Fig. 2. Characterization of FBS-derived extracellular vesicles. FBS-derived vesicles were collected at 120,000×g for 18 hours, dissolved in PBS and re-pelleted at 120,000×g for 70 minutes. a) To visualize if FBS had vesicular structures present, TEM was performed on the EV-enriched pellet. The scale bar represents 200 nm. b) Immuno-blotting for the exosome enriched proteins; TSG101, CD81, and CD63. Pellet of EVs were obtained from different batch of FBS. Cell lysate from human mast cells (HMC-1) and mouse fibroblast (NIH-3T3), as well as HMC-1 derived exosomes were used as positive controls. One hundred microgram of protein was loaded per well for all samples. c) RNA was isolated using the miRCURY total RNA isolation kit and quantified with a Bioanalyzer. d) The FBS-derived EV-enriched pellet was incubated with RNase A (0.5 µg/µl) alone (i) or was incubated with proteinase K (0.05 µg/µl) prior to the RNase treatment (ii) to study mode of RNA protection. Cellular RNA was used as control for the RNase activity (iii). Graphs are representative of the RNA profile obtained with a Bioanalyzer from two independent experiments. e) PKH67-labelled FBS-derived EVs were incubated with 7×104cells (A549) for 6 or 20 hours and visualized with a fluorescent microscope (40X). PBS was used as control for determining the PKH67 background labelling.

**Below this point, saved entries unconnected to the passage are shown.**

lemma card_separated_sphere_ball_le:
  fixes S :: "'a::euclidean_space set"
  assumes "S \<subseteq> sphere 0 1"
    and sep: "\<And>s t. s \<in> S \<Longrightarrow> t \<in> S \<Longrightarrow> s \<noteq> t \<Longrightarrow> \<epsilon> \<le> dist s t"
    and "0 < \<epsilon>" "\<epsilon> \<le> R"
  shows "real (card (S \<inter> ball c R)) \<le> packing_const DIM('a) * (R / \<epsilon>) ^ (DIM('a) - 1)"
proof -
  define chart where "chart e = {s \<in> S \<inter> ball c R. \<forall>b\<in>Basis. \<bar>s \<bullet> b\<bar> \<le> \<bar>s \<bullet> e\<bar>}" for e
  have "S \<inter> ball c R \<subseteq> (\<Union>e\<in>Basis. chart e)"
  proof
    fix s assume "s \<in> S \<inter> ball c R"
    moreover obtain e where "e \<in> Basis" "\<forall>b\<in>Basis. \<bar>s \<bullet> b\<bar> \<le> \<bar>s \<bullet> e\<bar>"
      by (rule exists_max_abs_coord)
    ultimately show "s \<in> (\<Union>e\<in>Basis. chart e)"
      by (auto simp: chart_def)
  qed
  then have "S \<inter> ball c R = (\<Union>e\<in>Basis. chart e)"
    by (auto simp: chart_def)
  then have "card (S \<inter> ball c R) \<le> (\<Sum>e\<in>Basis. card (chart e))"
    by (simp add: card_UN_le)
  then have "real (card (S \<inter> ball c R)) \<le> (\<Sum>e\<in>Basis. real (card (chart e)))"
    by (metis of_nat_le_iff of_nat_sum)
  also have "\<dots> \<le> (\<Sum>e\<in>(Basis::'a set). 2 * (3 * real DIM('a) * (real DIM('a) + 1) * (R / \<epsilon>)) ^ (DIM('a) - 1))"
    using assms by (intro sum_mono card_separated_chart_le) (auto simp: chart_def)
  also have "\<dots> = packing_const DIM('a) * (R / \<epsilon>) ^ (DIM('a) - 1)"
    unfolding packing_const_def power_mult_distrib by (simp add: mult_ac)
  finally show ?thesis .
qed

lemma mem_coneL_iff: "x \<in> coneL y \<zeta> \<longleftrightarrow> x \<noteq> 0 \<and> x /\<^sub>R norm x \<in> capQ y \<zeta>"
proof
  assume "x \<in> coneL y \<zeta>"
  then obtain r q where "x = r *\<^sub>R q" "q \<in> capQ y \<zeta>" "0 < r"
    unfolding coneL_def by auto
  then show "x \<noteq> 0 \<and> x /\<^sub>R norm x \<in> capQ y \<zeta>"
    by (auto simp: capQ_def)
next
  assume "x \<noteq> 0 \<and> x /\<^sub>R norm x \<in> capQ y \<zeta>"
  then show "x \<in> coneL y \<zeta>"
    unfolding coneL_def by (intro CollectI exI[of _ "norm x"] exI[of _ "x /\<^sub>R norm x"]) auto
qed

lemma open_coneL: "open (coneL y \<zeta>)"
proof -
  have "coneL y \<zeta> = - {0} \<inter> (\<lambda>x. x /\<^sub>R norm x) -` ball y \<zeta>"
    by (auto simp: mem_coneL_iff capQ_def) (metis left_inverse norm_eq_zero)
  moreover have "open (- {0} \<inter> (\<lambda>x. x /\<^sub>R norm x) -` ball y \<zeta>)"
    by (rule continuous_open_preimage) (auto intro!: continuous_intros)
  ultimately show ?thesis
    by simp
qed

lemma coneL_mono: "ball y \<zeta> \<subseteq> ball y' \<zeta>' \<Longrightarrow> coneL y \<zeta> \<subseteq> coneL y' \<zeta>'"
  unfolding coneL_def capQ_def by blast

lemma disjnt_coneL: "disjnt (ball y \<zeta>) (ball y' \<zeta>') \<Longrightarrow> disjnt (coneL y \<zeta>) (coneL y' \<zeta>')"
  by (auto simp: disjnt_def mem_coneL_iff capQ_def)

definition energy_measure :: "real \<Rightarrow> 'a::euclidean_space set \<Rightarrow> ('a \<Rightarrow> 'a) \<Rightarrow> 'a measure" where
  "energy_measure p \<Omega> g = density lborel (\<lambda>x. ennreal (norm (indicator \<Omega> x *\<^sub>R g x) powr p))"

lemma cone_energy_eq_emeasure:
  assumes "set_borel_measurable lborel \<Omega> g"
  shows "cone_energy p \<Omega> g y \<zeta> = emeasure (energy_measure p \<Omega> g) (coneL y \<zeta>)"
proof -
  have "(\<lambda>x. indicator \<Omega> x *\<^sub>R g x) \<in> borel_measurable lborel"
    using assms unfolding set_borel_measurable_def .
  then have "(\<lambda>x. ennreal (norm (indicator \<Omega> x *\<^sub>R g x) powr p)) \<in> borel_measurable lborel"
    by measurable
  then show ?thesis
    unfolding energy_measure_def cone_energy_def
    by (subst emeasure_density) (auto simp: borel_open open_coneL intro!: nn_integral_cong split: split_indicator)
qed

lemma sum_cone_energy_le:
  assumes g: "set_borel_measurable lborel \<Omega> g" and "finite I"
    and disjoint: "pairwise (\<lambda>i j. disjnt (ball i (r i)) (ball j (r j))) I"
    and inside: "\<And>i. i \<in> I \<Longrightarrow> ball i (r i) \<subseteq> ball y \<zeta>"
  shows "(\<Sum>i\<in>I. cone_energy p \<Omega> g i (r i)) \<le> cone_energy p \<Omega> g y \<zeta>"
proof -
  have sets_energy: "sets (energy_measure p \<Omega> g) = sets borel"
    by (simp add: energy_measure_def)
  have "disjoint_family_on (\<lambda>i. coneL i (r i)) I"
    using disjoint unfolding pairwise_def disjoint_family_on_def by (metis disjnt_coneL disjnt_def)
  then have "(\<Sum>i\<in>I. cone_energy p \<Omega> g i (r i)) = emeasure (energy_measure p \<Omega> g) (\<Union>i\<in>I. coneL i (r i))"
    unfolding cone_energy_eq_emeasure[OF g] using \<open>finite I\<close>
    by (intro sum_emeasure) (auto simp: sets_energy borel_open open_coneL)
  also have "\<dots> \<le> emeasure (energy_measure p \<Omega> g) (coneL y \<zeta>)"
    using coneL_mono[OF inside] by (intro emeasure_mono UN_least) (auto simp: sets_energy borel_open open_coneL)
  finally show ?thesis
    by (simp add: cone_energy_eq_emeasure[OF g])
qed

lemma card_covered_by_balls_le:
  fixes B :: "'a::euclidean_space set"
  assumes "B \<subseteq> sphere 0 1"
    and "\<And>s t. s \<in> B \<Longrightarrow> t \<in> B \<Longrightarrow> s \<noteq> t \<Longrightarrow> \<epsilon> \<le> dist s t"
    and "0 < \<epsilon>" "finite I" and cover: "B \<subseteq> (\<Union>i\<in>I. ball i (r i))"
    and "\<And>i. i \<in> I \<Longrightarrow> \<epsilon> \<le> r i"
  shows "real (card B) \<le> packing_const DIM('a) * (\<Sum>i\<in>I. (r i / \<epsilon>) ^ (DIM('a) - 1))"
proof -
  have "B = (\<Union>i\<in>I. B \<inter> ball i (r i))"
    using cover by blast
  then have "card B \<le> (\<Sum>i\<in>I. card (B \<inter> ball i (r i)))"
    using card_UN_le[OF \<open>finite I\<close>] by metis
  then have "real (card B) \<le> (\<Sum>i\<in>I. real (card (B \<inter> ball i (r i))))"
    by (metis of_nat_le_iff of_nat_sum)
  also have "\<dots> \<le> (\<Sum>i\<in>I. packing_const DIM('a) * (r i / \<epsilon>) ^ (DIM('a) - 1))"
    using assms by (intro sum_mono card_separated_sphere_ball_le) auto
  finally show ?thesis
    by (simp add: sum_distrib_left)
qed

lemma power_le_powr_mult_powr_diff:
  fixes x \<delta> \<beta> :: real
  assumes "0 < x" "x \<le> \<delta>" "0 \<le> \<beta>"
  shows "x ^ n \<le> \<delta> powr \<beta> * x powr (real n - \<beta>)"
proof -
  have "x ^ n = x powr \<beta> * x powr (real n - \<beta>)"
    using assms(1) by (simp add: powr_add[symmetric] powr_realpow)
  also have "\<dots> \<le> \<delta> powr \<beta> * x powr (real n - \<beta>)"
    using assms by (intro mult_right_mono powr_mono2) auto
  finally show ?thesis .
qed

lemma sum_powr_le_cone_energy:
  assumes g: "set_borel_measurable lborel \<Omega> g" and "finite I" and "I \<subseteq> capQ y \<delta>"
    and disjoint: "pairwise (\<lambda>i j. disjnt (ball i (r i)) (ball j (r j))) I"
    and r: "\<And>i. i \<in> I \<Longrightarrow> r i \<le> \<delta> \<and> ennreal (r i powr a) < cone_energy p \<Omega> g i (r i)"
    and energy: "cone_energy p \<Omega> g y (2 * \<delta>) \<le> ennreal E" and "0 \<le> E"
  shows "(\<Sum>i\<in>I. r i powr a) \<le> E"
proof -
  have "ennreal (\<Sum>i\<in>I. r i powr a) = (\<Sum>i\<in>I. ennreal (r i powr a))"
    by (simp add: sum_ennreal)
  also have "\<dots> \<le> (\<Sum>i\<in>I. cone_energy p \<Omega> g i (r i))"
    using r by (intro sum_mono less_imp_le) auto
  also have "\<dots> \<le> cone_energy p \<Omega> g y (2 * \<delta>)"
  proof (rule sum_cone_energy_le[OF g \<open>finite I\<close> disjoint])
    fix i assume "i \<in> I"
    then have "dist i y + r i \<le> 2 * \<delta>"
      using \<open>I \<subseteq> capQ y \<delta>\<close> r by (force simp: capQ_def dist_commute)
    then show "ball i (r i) \<subseteq> ball y (2 * \<delta>)"
      by (simp add: ball_subset_ball_iff)
  qed
  also have "\<dots> \<le> ennreal E"
    by (rule energy)
  finally show ?thesis
    using \<open>0 \<le> E\<close> by (simp add: ennreal_le_iff)
qed

lemma card_bad_anchors_le:
  fixes S :: "'a::euclidean_space set" and \<Omega> :: "'a set" and g :: "'a \<Rightarrow> 'a"
  assumes "0 \<le> \<beta>" "0 < \<epsilon>" "\<epsilon> \<le> \<delta>" "finite S" "S \<subseteq> sphere 0 1"
    and sep: "\<And>s t. s \<in> S \<Longrightarrow> t \<in> S \<Longrightarrow> s \<noteq> t \<Longrightarrow> \<epsilon> \<le> dist s t"
    and g: "set_borel_measurable lborel \<Omega> g"
    and energy: "cone_energy p \<Omega> g y (2 * \<delta>) \<le> ennreal E" and "0 \<le> E"
  shows "real (card (bad_anchors p \<Omega> g S \<epsilon> \<delta> \<beta> \<inter> capQ y \<delta>))
    \<le> packing_const DIM('a) * 5 ^ (DIM('a) - 1) * \<delta> powr \<beta> / \<epsilon> ^ (DIM('a) - 1) * E"
proof -
  define n where "n = DIM('a) - 1"
  define B where "B = bad_anchors p \<Omega> g S \<epsilon> \<delta> \<beta> \<inter> capQ y \<delta>"
  have "\<forall>s\<in>B. \<exists>\<zeta>. \<epsilon> \<le> \<zeta> \<and> \<zeta> \<le> \<delta> \<and> ennreal (\<zeta> powr (real n - \<beta>)) < cone_energy p \<Omega> g s \<zeta>"
    by (auto simp: B_def bad_anchors_def n_def of_nat_diff Suc_leI)
  then obtain r where r: "\<And>s. s \<in> B \<Longrightarrow>
      \<epsilon> \<le> r s \<and> r s \<le> \<delta> \<and> ennreal (r s powr (real n - \<beta>)) < cone_energy p \<Omega> g s (r s)"
    by metis
  obtain I where I: "I \<subseteq> B" "pairwise (\<lambda>i j. disjnt (ball i (r i)) (ball j (r j))) I"
      "B \<subseteq> (\<Union>i\<in>I. ball i (5 * r i))"
    using Vitali_covering_lemma_balls[where S=B and K=B and a="\<lambda>s. s" and r=r and B=\<delta>] r \<open>0 < \<epsilon>\<close>
    by (metis (no_types, lifting) UN_I centre_in_ball order_less_le_trans subsetI)
  have "B \<subseteq> S"
    by (auto simp: B_def bad_anchors_def)
  then have "finite I"
    using I(1) \<open>finite S\<close> by (meson finite_subset subset_trans)
  have "\<epsilon> \<le> 5 * r i" if "i \<in> I" for i
    using r[of i] I(1) that \<open>0 < \<epsilon>\<close> by force
  then have "real (card B) \<le> packing_const DIM('a) * (\<Sum>i\<in>I. (5 * r i / \<epsilon>) ^ n)"
    unfolding n_def using \<open>B \<subseteq> S\<close> assms(2,5) I(3) \<open>finite I\<close>
    by (intro card_covered_by_balls_le) (auto intro: sep)
  also have "\<dots> \<le> packing_const DIM('a) * (\<Sum>i\<in>I. 5 ^ n * \<delta> powr \<beta> / \<epsilon> ^ n * r i powr (real n - \<beta>))"
  proof (rule mult_left_mono[OF sum_mono])
    fix i assume "i \<in> I"
    then have "0 < r i" "r i \<le> \<delta>"
      using I(1) r \<open>0 < \<epsilon>\<close> by force+
    then have "r i ^ n \<le> \<delta> powr \<beta> * r i powr (real n - \<beta>)"
      using \<open>0 \<le> \<beta>\<close> by (rule power_le_powr_mult_powr_diff)
    then show "(5 * r i / \<epsilon>) ^ n \<le> 5 ^ n * \<delta> powr \<beta> / \<epsilon> ^ n * r i powr (real n - \<beta>)"
      using \<open>0 < \<epsilon>\<close> by (simp add: power_divide power_mult_distrib field_simps)
  qed (rule packing_const_nonneg)
  also have "\<dots> = packing_const DIM('a) * 5 ^ n * \<delta> powr \<beta> / \<epsilon> ^ n * (\<Sum>i\<in>I. r i powr (real n - \<beta>))"
    by (simp add: sum_distrib_left sum_divide_distrib mult_ac)
  also have "\<dots> \<le> packing_const DIM('a) * 5 ^ n * \<delta> powr \<beta> / \<epsilon> ^ n * E"
  proof (rule mult_left_mono)
    show "(\<Sum>i\<in>I. r i powr (real n - \<beta>)) \<le> E"
      using I(1) r
      by (intro sum_powr_le_cone_energy[OF g \<open>finite I\<close> _ I(2) _ energy \<open>0 \<le> E\<close>]) (auto simp: B_def)
  qed (use \<open>0 < \<epsilon>\<close> in \<open>simp add: packing_const_nonneg\<close>)
  finally show ?thesis
    by (simp add: B_def n_def)
qed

The pellet obtained after ultracentrifugation of FBS contains a typical exosomal RNA profile, as determined by Bioanalyzer (c). Hence, the RNA profile shows abundant RNAs of 60–500 bases, with very small or undetectable 18S and 28S ribosomal RNA peaks.
To determine whether the RNA obtained from the EV-enriched FBS pellets is present in vesicles or in protein–RNA complexes, the samples were treated with RNase, with or without pre-treatment with proteinase K. Proteinase K treatment of a cell lysate protein mixture (at the same enzyme concentration as for vesicles) resulted in total degradation of proteins, shown by an SDS gel (Supplementary Figure 2; lane 3). The effect of proteinase K was totally inhibited by the addition of a blocker molecule (PMSF; Supplementary Figure 2; lane 2). d shows that the RNA profiles from the FBS pellets were protected from RNase treatment, also after combined proteinase K and RNase treatment (d i and ii). RNase treatment of isolated cellular RNA resulted in total elimination of the unprotected RNA, showing that the RNase is active (d iii).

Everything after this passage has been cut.